(Saved data entries)
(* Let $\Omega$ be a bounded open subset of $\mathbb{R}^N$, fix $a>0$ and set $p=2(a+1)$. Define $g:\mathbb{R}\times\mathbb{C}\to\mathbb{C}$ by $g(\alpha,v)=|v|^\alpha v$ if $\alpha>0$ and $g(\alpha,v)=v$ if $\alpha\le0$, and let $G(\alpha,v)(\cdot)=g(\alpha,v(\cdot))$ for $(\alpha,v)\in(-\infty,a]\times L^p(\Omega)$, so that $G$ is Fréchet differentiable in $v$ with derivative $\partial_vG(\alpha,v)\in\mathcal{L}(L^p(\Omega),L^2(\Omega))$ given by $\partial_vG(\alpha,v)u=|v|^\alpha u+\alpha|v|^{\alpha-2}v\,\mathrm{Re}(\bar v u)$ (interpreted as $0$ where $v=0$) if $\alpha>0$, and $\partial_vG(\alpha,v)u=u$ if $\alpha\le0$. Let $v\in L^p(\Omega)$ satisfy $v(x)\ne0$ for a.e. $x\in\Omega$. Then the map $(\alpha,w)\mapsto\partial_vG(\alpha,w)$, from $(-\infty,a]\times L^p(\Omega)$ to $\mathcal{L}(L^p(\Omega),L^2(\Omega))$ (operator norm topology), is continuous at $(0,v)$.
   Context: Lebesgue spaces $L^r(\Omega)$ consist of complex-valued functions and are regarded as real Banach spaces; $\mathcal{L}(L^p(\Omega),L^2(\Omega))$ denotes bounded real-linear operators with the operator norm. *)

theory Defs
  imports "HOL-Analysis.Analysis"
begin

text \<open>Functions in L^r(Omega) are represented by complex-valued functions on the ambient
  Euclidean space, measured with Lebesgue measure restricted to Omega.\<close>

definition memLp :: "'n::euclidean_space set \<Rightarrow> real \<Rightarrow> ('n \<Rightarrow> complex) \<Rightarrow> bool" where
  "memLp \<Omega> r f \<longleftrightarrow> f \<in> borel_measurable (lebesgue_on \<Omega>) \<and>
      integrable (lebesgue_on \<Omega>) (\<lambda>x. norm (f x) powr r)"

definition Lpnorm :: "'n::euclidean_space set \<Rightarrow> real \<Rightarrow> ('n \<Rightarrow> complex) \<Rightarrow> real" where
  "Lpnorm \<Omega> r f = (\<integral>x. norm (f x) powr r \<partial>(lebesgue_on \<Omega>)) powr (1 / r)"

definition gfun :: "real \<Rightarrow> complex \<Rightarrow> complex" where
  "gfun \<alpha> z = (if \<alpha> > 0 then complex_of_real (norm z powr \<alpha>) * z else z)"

...

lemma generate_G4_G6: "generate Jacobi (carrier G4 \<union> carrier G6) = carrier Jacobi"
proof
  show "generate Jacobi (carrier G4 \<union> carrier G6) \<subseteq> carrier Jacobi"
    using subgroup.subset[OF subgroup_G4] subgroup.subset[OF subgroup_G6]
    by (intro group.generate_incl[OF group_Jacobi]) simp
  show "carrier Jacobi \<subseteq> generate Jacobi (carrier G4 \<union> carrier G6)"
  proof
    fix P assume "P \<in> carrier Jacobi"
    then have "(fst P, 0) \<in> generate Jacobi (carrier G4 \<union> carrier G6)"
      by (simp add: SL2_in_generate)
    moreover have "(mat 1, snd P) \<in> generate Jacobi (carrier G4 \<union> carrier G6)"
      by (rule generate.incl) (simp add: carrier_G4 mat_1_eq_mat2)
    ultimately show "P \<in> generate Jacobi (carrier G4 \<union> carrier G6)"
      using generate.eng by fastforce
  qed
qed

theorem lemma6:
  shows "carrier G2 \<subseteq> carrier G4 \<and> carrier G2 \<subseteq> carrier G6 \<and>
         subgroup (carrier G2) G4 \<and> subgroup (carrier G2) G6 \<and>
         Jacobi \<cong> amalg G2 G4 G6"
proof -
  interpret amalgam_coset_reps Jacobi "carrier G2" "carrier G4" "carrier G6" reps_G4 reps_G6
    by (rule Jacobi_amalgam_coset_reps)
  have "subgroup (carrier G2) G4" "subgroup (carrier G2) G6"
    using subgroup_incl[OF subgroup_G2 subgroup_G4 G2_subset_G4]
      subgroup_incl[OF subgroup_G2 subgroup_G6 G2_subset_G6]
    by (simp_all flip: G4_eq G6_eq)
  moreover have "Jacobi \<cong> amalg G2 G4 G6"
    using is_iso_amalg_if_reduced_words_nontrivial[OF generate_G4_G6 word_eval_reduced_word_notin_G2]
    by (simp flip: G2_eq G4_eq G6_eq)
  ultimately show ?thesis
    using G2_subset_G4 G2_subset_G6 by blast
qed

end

■ Work to be completed: From the data above, say how many lines include "powr", and write nothing but the number.

■ Written solution: 3